Materials provided below:

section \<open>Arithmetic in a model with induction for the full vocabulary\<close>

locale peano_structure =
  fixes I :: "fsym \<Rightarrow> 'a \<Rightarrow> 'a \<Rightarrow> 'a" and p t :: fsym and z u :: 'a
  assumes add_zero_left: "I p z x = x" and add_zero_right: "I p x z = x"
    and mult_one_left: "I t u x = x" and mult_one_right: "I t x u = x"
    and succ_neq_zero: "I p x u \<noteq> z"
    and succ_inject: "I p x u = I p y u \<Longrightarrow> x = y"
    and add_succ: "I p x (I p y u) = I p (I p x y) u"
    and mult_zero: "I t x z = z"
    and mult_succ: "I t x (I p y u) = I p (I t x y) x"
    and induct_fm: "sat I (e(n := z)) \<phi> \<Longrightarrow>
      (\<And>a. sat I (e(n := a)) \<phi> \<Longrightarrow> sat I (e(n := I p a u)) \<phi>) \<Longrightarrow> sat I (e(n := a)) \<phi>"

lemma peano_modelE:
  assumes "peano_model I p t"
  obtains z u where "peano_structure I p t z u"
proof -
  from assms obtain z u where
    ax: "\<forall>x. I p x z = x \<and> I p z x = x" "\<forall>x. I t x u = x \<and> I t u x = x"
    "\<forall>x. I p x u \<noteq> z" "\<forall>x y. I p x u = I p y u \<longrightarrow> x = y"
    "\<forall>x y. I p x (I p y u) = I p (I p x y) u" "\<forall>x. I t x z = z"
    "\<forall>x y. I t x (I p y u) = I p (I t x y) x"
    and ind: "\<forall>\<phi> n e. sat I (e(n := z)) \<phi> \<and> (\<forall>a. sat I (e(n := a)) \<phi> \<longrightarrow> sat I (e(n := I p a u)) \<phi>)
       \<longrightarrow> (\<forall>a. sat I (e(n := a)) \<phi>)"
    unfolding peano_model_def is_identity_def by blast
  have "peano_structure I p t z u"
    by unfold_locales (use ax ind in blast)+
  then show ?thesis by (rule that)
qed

End of Materials provided.
Materials provided below:

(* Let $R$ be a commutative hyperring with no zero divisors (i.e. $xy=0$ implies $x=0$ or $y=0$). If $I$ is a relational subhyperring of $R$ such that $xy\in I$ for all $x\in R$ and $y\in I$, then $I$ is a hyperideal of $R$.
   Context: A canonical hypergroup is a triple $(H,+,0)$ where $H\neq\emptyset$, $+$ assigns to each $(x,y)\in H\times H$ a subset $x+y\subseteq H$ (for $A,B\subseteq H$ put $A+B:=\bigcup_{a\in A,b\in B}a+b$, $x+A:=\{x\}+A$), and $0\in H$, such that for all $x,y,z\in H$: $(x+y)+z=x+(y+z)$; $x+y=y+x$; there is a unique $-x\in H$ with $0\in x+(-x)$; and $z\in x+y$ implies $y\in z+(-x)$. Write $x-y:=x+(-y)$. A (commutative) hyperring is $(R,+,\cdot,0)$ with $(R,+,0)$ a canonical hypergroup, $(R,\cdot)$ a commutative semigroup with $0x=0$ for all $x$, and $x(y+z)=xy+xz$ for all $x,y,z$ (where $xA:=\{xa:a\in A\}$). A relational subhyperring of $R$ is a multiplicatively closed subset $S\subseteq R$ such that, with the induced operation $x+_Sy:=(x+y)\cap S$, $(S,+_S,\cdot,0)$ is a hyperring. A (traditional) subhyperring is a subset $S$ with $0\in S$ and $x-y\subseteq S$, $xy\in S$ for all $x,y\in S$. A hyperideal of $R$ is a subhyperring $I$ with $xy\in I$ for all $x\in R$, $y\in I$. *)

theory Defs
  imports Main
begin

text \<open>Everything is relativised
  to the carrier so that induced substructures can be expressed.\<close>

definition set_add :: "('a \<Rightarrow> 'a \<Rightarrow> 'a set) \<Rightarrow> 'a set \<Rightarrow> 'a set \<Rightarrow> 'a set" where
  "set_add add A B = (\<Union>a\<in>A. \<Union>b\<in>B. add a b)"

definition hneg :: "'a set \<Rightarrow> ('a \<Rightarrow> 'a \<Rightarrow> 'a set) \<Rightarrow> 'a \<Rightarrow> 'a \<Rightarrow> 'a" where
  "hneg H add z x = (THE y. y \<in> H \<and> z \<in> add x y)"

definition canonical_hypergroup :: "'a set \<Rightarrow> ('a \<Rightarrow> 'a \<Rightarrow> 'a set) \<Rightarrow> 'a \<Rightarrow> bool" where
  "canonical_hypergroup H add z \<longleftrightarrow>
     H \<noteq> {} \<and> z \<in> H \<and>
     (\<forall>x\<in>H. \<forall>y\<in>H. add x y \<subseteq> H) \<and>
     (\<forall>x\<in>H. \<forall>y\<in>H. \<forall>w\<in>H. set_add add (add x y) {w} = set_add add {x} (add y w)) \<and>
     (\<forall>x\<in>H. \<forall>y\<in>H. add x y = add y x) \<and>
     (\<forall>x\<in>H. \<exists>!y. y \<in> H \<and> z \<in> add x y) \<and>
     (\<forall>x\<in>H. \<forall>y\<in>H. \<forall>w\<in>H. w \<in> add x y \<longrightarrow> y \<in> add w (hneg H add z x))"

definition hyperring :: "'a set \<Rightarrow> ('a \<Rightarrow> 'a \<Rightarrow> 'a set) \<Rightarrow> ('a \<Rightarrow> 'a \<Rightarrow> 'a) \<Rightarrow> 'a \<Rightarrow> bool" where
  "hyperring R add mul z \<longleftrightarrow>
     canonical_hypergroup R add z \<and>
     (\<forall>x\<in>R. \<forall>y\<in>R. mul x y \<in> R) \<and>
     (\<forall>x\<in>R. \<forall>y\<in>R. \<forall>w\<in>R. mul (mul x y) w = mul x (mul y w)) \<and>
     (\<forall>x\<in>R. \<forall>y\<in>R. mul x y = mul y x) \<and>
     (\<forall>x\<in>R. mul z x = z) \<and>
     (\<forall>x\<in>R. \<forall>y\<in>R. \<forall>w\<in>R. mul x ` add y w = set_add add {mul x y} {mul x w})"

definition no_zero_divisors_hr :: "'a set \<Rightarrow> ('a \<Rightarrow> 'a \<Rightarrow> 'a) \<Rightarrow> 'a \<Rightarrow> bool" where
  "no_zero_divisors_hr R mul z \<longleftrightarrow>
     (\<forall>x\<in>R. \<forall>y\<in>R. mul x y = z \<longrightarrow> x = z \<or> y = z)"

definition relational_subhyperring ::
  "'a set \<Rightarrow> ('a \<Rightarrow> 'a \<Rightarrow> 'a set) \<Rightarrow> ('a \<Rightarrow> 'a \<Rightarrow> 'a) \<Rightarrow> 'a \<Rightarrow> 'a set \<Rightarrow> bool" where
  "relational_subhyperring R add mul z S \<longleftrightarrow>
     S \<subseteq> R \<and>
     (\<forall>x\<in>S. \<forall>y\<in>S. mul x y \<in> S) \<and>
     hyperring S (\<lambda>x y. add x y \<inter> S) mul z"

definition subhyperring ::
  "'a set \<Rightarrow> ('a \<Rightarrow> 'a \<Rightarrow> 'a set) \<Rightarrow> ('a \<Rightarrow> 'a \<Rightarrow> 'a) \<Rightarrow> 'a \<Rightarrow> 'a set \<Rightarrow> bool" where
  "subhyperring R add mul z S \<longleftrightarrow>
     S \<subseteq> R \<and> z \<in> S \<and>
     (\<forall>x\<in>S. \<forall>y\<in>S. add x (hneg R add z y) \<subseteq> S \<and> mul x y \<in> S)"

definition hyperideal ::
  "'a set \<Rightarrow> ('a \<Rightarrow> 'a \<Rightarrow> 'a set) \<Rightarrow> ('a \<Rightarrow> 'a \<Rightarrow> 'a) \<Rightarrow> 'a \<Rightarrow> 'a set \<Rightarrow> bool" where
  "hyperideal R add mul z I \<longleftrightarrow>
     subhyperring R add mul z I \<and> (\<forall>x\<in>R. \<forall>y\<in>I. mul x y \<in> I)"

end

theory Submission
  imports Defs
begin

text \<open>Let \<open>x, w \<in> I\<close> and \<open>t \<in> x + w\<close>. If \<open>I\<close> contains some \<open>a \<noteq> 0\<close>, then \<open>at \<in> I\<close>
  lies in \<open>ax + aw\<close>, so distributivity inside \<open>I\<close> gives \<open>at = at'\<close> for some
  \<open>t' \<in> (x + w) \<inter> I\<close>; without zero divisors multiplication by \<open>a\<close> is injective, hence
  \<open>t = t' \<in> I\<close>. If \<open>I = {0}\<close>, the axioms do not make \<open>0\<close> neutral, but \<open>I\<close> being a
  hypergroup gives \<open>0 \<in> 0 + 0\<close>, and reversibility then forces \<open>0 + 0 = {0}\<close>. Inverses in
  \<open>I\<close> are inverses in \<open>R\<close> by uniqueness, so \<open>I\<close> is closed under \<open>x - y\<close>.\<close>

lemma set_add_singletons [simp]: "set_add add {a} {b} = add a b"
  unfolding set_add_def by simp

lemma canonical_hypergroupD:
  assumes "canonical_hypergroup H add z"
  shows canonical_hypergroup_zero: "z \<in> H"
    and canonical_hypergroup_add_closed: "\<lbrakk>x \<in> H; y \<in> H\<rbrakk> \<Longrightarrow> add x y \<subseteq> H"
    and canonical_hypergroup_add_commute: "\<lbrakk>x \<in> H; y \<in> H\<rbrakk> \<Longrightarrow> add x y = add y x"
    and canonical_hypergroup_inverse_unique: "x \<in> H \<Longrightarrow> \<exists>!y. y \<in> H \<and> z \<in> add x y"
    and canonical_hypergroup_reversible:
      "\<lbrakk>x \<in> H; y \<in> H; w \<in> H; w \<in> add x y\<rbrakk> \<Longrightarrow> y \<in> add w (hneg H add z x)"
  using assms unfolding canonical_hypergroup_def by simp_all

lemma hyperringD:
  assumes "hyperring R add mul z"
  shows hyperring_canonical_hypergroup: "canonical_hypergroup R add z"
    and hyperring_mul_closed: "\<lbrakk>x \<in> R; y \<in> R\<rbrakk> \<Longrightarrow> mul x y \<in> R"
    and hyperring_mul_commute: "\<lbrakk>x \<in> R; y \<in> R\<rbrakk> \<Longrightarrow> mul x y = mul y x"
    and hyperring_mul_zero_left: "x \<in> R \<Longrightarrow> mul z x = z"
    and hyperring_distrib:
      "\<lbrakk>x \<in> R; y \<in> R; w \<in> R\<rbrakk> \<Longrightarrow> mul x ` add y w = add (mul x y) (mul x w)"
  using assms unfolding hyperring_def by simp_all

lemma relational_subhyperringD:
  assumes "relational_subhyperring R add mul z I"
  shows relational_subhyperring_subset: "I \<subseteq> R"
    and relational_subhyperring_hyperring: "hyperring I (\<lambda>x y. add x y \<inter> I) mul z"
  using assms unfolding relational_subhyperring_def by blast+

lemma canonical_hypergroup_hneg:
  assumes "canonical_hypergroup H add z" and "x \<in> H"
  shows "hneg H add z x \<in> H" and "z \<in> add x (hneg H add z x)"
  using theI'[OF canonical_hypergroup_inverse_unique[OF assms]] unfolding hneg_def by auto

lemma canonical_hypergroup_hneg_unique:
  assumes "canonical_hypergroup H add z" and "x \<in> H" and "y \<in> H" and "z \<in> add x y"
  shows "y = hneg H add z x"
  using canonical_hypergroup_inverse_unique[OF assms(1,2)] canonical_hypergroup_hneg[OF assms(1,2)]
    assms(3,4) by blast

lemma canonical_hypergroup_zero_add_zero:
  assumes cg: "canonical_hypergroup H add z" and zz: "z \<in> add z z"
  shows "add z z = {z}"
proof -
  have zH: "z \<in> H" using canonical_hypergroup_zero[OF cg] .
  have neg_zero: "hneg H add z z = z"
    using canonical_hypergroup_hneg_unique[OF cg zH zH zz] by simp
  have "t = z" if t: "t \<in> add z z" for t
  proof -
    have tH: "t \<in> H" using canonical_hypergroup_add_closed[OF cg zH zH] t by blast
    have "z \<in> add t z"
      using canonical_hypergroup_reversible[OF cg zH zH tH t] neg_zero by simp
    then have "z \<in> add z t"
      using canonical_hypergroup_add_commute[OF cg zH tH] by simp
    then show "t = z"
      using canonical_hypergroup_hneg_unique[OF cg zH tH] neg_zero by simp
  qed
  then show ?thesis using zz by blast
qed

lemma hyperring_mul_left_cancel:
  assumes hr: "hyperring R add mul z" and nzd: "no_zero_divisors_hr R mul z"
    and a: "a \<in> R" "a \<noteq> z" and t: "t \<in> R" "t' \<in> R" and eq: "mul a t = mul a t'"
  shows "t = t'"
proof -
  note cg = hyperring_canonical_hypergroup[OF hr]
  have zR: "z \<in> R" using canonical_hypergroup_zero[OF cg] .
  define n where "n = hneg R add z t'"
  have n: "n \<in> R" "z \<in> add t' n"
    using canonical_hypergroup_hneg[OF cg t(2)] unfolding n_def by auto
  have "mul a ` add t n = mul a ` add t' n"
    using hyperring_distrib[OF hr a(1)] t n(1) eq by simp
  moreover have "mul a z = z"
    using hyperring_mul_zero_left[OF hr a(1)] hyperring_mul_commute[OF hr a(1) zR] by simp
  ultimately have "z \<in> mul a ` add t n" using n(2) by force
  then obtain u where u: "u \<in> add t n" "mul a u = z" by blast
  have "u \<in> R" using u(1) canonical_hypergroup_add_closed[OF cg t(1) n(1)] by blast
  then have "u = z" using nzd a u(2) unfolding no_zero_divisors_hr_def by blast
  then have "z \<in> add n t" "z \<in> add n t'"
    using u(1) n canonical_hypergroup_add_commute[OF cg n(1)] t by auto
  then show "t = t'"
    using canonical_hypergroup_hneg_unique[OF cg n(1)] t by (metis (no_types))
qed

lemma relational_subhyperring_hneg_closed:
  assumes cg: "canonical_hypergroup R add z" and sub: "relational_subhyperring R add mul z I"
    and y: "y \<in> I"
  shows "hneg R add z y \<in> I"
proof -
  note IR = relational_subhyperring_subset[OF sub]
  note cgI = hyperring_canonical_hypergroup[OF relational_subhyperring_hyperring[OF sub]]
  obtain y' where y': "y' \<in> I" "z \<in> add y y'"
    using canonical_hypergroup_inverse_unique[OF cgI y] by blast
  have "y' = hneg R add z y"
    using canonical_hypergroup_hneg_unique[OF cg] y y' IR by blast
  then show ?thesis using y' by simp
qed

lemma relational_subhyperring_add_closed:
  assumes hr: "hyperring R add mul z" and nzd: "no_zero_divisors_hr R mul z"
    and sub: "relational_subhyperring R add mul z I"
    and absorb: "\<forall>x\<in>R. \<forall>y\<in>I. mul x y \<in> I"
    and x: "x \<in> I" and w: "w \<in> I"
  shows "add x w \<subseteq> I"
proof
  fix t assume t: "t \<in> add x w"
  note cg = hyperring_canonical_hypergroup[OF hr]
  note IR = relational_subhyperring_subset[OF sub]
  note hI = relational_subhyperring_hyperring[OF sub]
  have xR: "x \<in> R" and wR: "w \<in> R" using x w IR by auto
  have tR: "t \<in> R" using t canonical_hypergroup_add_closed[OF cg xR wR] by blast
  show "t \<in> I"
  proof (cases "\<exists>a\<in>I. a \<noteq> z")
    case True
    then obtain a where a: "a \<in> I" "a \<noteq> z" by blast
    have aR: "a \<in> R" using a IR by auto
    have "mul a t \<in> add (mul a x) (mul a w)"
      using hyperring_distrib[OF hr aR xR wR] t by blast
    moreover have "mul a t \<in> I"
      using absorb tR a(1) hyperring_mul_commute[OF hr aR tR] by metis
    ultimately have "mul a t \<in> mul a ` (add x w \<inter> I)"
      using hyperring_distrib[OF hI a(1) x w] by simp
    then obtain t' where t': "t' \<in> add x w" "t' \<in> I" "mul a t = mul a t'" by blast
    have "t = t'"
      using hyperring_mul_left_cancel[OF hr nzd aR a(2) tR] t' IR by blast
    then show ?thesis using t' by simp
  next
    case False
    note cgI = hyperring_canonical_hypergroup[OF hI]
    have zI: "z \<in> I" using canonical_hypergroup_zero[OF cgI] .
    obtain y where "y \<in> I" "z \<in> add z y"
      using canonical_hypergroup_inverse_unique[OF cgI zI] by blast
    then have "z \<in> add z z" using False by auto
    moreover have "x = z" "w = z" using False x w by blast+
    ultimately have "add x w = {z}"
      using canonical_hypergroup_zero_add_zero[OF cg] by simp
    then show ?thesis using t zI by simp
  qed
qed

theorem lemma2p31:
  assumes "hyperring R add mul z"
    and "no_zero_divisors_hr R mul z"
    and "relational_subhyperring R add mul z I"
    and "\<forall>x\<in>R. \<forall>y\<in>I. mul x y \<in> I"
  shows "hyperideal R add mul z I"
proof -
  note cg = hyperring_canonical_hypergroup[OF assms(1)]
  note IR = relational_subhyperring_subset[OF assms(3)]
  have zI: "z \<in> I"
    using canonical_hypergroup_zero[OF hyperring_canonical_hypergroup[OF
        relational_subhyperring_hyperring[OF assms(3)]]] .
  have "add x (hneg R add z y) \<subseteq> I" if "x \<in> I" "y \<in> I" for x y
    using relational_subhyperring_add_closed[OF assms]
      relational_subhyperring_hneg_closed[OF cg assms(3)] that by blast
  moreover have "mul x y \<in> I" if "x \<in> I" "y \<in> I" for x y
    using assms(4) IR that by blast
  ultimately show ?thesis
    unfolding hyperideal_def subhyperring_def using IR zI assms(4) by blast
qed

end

End of Materials provided.

* About this exercise *
Only the lines above that hold "unfolding" are wanted. Show every one of them.

* Problem solution *
    unfolding peano_model_def is_identity_def by blast
  unfolding set_add_def by simp
  using assms unfolding canonical_hypergroup_def by simp_all
  using assms unfolding hyperring_def by simp_all
  using assms unfolding relational_subhyperring_def by blast+
  using theI'[OF canonical_hypergroup_inverse_unique[OF assms]] unfolding hneg_def by auto
    using canonical_hypergroup_hneg[OF cg t(2)] unfolding n_def by auto
  then have "u = z" using nzd a u(2) unfolding no_zero_divisors_hr_def by blast
    unfolding hyperideal_def subhyperring_def using IR zI assms(4) by blast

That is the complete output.